The runtimes of randomized algorithms for hard combinatorial problems are well-known to vary substantially, often by orders of magnitude, even when running the same algorithm multiple times on the same instance [?]. Hence, the central object of interest in the analysis of a randomized algorithm on an instance is its runtime distribution (RTD), in contrast to a single scalar for deterministic algorithms. Knowing these RTDs is important in many practical applications, such as computing optimal restart strategies [?], optimal algorithm portfolios [?] and the speedups obtained by executing multiple independent runs of randomized algorithms [?]. It is trivial to measure an algorithm’s empirical RTD on an instance by running it many times to completion, but for new instances that one would like to solve, this is of course not practical. Instead, one would like to estimate the RTD for a new instance without running the algorithm on it.
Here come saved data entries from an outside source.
(* Let $(\mathfrak{g},B_1,B_2)$ be a decomposable Rota-Baxter system of Lie algebras and $\phi=B_1+B_2$. Then every element $x\in\phi(\mathfrak{g})$ can be written uniquely as $x=u_++u_-$ with $(u_+,u_-)\in\tilde{\mathfrak{g}}$.
   Context: A Rota-Baxter system of Lie algebras is a triple $(\mathfrak{g},B_1,B_2)$ with $\mathfrak{g}$ a Lie algebra over a field and $B_1,B_2:\mathfrak{g}\to\mathfrak{g}$ linear maps such that for all $u,v\in\mathfrak{g}$: $[B_1(u),B_1(v)]=B_1([B_1(u),B_1(v)]-[B_2(u),B_2(v)])$ and $[B_2(v),B_2(u)]=B_2([B_1(u),B_1(v)]-[B_2(u),B_2(v)])$. It is decomposable if $\operatorname{Ker}(B_1+B_2)\subseteq\operatorname{Ker}(B_1)$. The subspaces $B_1(\operatorname{Ker}B_2)\subseteq B_1(\mathfrak{g})$ and $B_2(\operatorname{Ker}B_1)\subseteq B_2(\mathfrak{g})$ are ideals of these Lie subalgebras, and $\theta:B_1(\mathfrak{g})/B_1(\operatorname{Ker}B_2)\to B_2(\mathfrak{g})/B_2(\operatorname{Ker}B_1)$, $\theta(\overline{B_1(u)})=\overline{B_2(u)}$, is a well-defined linear map. Set $\tilde{\mathfrak{g}}=\{(u_+,u_-)\in B_1(\mathfrak{g})\oplus B_2(\mathfrak{g})\mid\theta(\overline{u_+})=\overline{u_-}\}$. *)

theory Defs
  imports Complex_Main
begin

definition lie_algebra ::
  "('k::field \<Rightarrow> 'a::ab_group_add \<Rightarrow> 'a) \<Rightarrow> ('a \<Rightarrow> 'a \<Rightarrow> 'a) \<Rightarrow> bool" where
  "lie_algebra sc br \<longleftrightarrow>
     vector_space sc \<and>
     (\<forall>x. Vector_Spaces.linear sc sc (br x)) \<and>
     (\<forall>y. Vector_Spaces.linear sc sc (\<lambda>x. br x y)) \<and>
     (\<forall>x. br x x = 0) \<and>
     (\<forall>x y z. br x (br y z) + br y (br z x) + br z (br x y) = 0)"

definition rota_baxter_system ::
  "('k::field \<Rightarrow> 'a::ab_group_add \<Rightarrow> 'a) \<Rightarrow> ('a \<Rightarrow> 'a \<Rightarrow> 'a) \<Rightarrow> ('a \<Rightarrow> 'a) \<Rightarrow> ('a \<Rightarrow> 'a) \<Rightarrow> bool" where
  "rota_baxter_system sc br B1 B2 \<longleftrightarrow>
     lie_algebra sc br \<and>
     Vector_Spaces.linear sc sc B1 \<and> Vector_Spaces.linear sc sc B2 \<and>
     (\<forall>u v. br (B1 u) (B1 v) = B1 (br (B1 u) (B1 v) - br (B2 u) (B2 v))) \<and>
     (\<forall>u v. br (B2 v) (B2 u) = B2 (br (B1 u) (B1 v) - br (B2 u) (B2 v)))"

definition decomposable :: "('a::ab_group_add \<Rightarrow> 'a) \<Rightarrow> ('a \<Rightarrow> 'a) \<Rightarrow> bool" where
  "decomposable B1 B2 \<longleftrightarrow> {u. B1 u + B2 u = 0} \<subseteq> {u. B1 u = 0}"

text \<open>The set g-tilde: pairs (a,b) in B1(g) x B2(g) with theta(class of a) = class of b,
  where classes are cosets modulo B1(Ker B2) resp. B2(Ker B1), and
  theta(class of B1 u) = class of B2 u.\<close>
definition gtilde :: "('a::ab_group_add \<Rightarrow> 'a) \<Rightarrow> ('a \<Rightarrow> 'a) \<Rightarrow> ('a \<times> 'a) set" where
  "gtilde B1 B2 = {(a, b). a \<in> range B1 \<and> b \<in> range B2 \<and>
     (\<exists>u. a - B1 u \<in> B1 ` {v. B2 v = 0} \<and> b - B2 u \<in> B2 ` {v. B1 v = 0})}"

end

theory Submission
  imports Defs
begin

text \<open>Only additivity of B1 and B2 matters: then g-tilde is just the graph
  of u \<mapsto> (B1 u, B2 u), and decomposability says that B1 u + B2 u determines B1 u,
  hence also B2 u.\<close>

lemma rota_baxter_system_additive:
  assumes "rota_baxter_system sc br B1 B2"
  shows "additive B1" and "additive B2"
  using assms unfolding rota_baxter_system_def
  by (auto intro!: additive.intro dest: Vector_Spaces.linear.axioms(3) module_hom.add)

lemma gtilde_eq_graph:
  assumes "additive B1" and "additive B2"
  shows "gtilde B1 B2 = range (\<lambda>u. (B1 u, B2 u))"
proof
  show "range (\<lambda>u. (B1 u, B2 u)) \<subseteq> gtilde B1 B2"
  proof clarify
    fix u
    have "0 \<in> B1 ` {v. B2 v = 0}" "0 \<in> B2 ` {v. B1 v = 0}"
      using additive.zero[OF assms(1)] additive.zero[OF assms(2)] by force+
    then show "(B1 u, B2 u) \<in> gtilde B1 B2"
      unfolding gtilde_def by (auto intro!: exI[of _ u])
  qed
next
  show "gtilde B1 B2 \<subseteq> range (\<lambda>u. (B1 u, B2 u))"
  proof
    fix p assume "p \<in> gtilde B1 B2"
    then obtain v k m where p: "p = (B1 k + B1 v, B2 m + B2 v)"
      and k: "B2 k = 0" and m: "B1 m = 0"
      unfolding gtilde_def by (auto simp: diff_eq_eq)
    have "p = (B1 (v + k + m), B2 (v + k + m))"
      using p k m by (simp add: additive.add[OF assms(1)] additive.add[OF assms(2)])
    then show "p \<in> range (\<lambda>u. (B1 u, B2 u))" by blast
  qed
qed

lemma decomposable_sum_determines_B1:
  assumes "additive B1" and "additive B2" and "decomposable B1 B2"
    and "B1 u + B2 u = B1 w + B2 w"
  shows "B1 u = B1 w"
proof -
  have "B1 (u - w) + B2 (u - w) = 0"
    using assms(4) by (simp add: additive.diff[OF assms(1)] additive.diff[OF assms(2)] algebra_simps)
  then have "B1 (u - w) = 0"
    using assms(3) unfolding decomposable_def by auto
  then show ?thesis by (simp add: additive.diff[OF assms(1)])
qed

theorem theorem6p6:
  fixes sc :: "'k::field \<Rightarrow> 'a::ab_group_add \<Rightarrow> 'a"
    and br :: "'a \<Rightarrow> 'a \<Rightarrow> 'a"
    and B1 B2 :: "'a \<Rightarrow> 'a"
  assumes "rota_baxter_system sc br B1 B2"
    and "decomposable B1 B2"
    and "x \<in> range (\<lambda>u. B1 u + B2 u)"
  shows "\<exists>!p. p \<in> gtilde B1 B2 \<and> x = fst p + snd p"
proof -
  note add1 = rota_baxter_system_additive(1)[OF assms(1)]
    and add2 = rota_baxter_system_additive(2)[OF assms(1)]
  obtain u where u: "x = B1 u + B2 u" using assms(3) by auto
  show ?thesis
  proof (rule ex1I[of _ "(B1 u, B2 u)"])
    show "(B1 u, B2 u) \<in> gtilde B1 B2 \<and> x = fst (B1 u, B2 u) + snd (B1 u, B2 u)"
      using u by (simp add: gtilde_eq_graph[OF add1 add2])
  next
    fix p assume "p \<in> gtilde B1 B2 \<and> x = fst p + snd p"
    then obtain w where p: "p = (B1 w, B2 w)" and sum: "B1 w + B2 w = B1 u + B2 u"
      using u by (auto simp: gtilde_eq_graph[OF add1 add2])
    have "B1 w = B1 u"
      using decomposable_sum_determines_B1[OF add1 add2 assms(2) sum] .
    with p sum show "p = (B1 u, B2 u)" by simp
  qed
qed

end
There is a rich history in artificial intelligence that shows that the runtime of algorithms for solving hard combinatorial problems can indeed be predicted to a certain degree [?]. These runtime predictions have enabled a wide range of meta-algorithmic procedures, such as algorithm selection [?], model-based algorithm configuration [?], generating hard benchmarks [?], gaining insights into instance hardness [?] and algorithm performance [?], and creating cheap-to-evaluate surrogate benchmarks [?].
Given a method for predicting RTDs of randomized algorithms, all of these applications could be extended by an additional dimension. Indeed, predictions of RTDs have already enabled dynamic algorithm portfolios [?], adaptive restart strategies [?], and predictions of the runtime of parallelized algorithms [?], and many more applications are possible given effective methods for RTD prediction. To advance the underlying foundation of all these applications, in this paper we focus on better methods for predicting RTDs. Specifically, our contributions are as follows:
We propose a principled pipeline to build RTD predictors for new problem instances based on observed runtimes on a set of training instances.
We compare different ways of predicting RTDs and demonstrate that neural networks (NN) can jointly predict all parameters of various parametric RTDs, yielding RTD predictions that are superior to those of previous approaches that predict the RTD’s parameters independently.
We propose DistNet, a practical NN for predicting RTDs, and discuss the bells and whistles that make it work.
To illustrate the use of our NN-based RTD predictions in an application, we demonstrate that they can effectively predict the performance that can be obtained by running multiple independent copies of a randomized algorithm in parallel [?].
The rich history in predicting algorithm runtimes mentioned in the introduction focuses on predicting mean runtimes, with only a few exceptions. [?] ([?]) predicted the single distribution parameter of an exponential RTD and [?] ([?]) predicted the two parameters of log-normal and shifted exponential RTDs with independent models. In contrast, we jointly predict multiple RTD parameters (and also show that the resulting predictions are better than those by independent models).
The work most closely related to ours is by [?] ([?]), who proposed to use NNs to learn a distribution of the time left until an algorithm solves a problem based on features describing the algorithm’s current state and the problem to be solved; they used these predictions to dynamically assign time slots to algorithms. In contrast, we use NNs to predict RTDs for unseen problem instances.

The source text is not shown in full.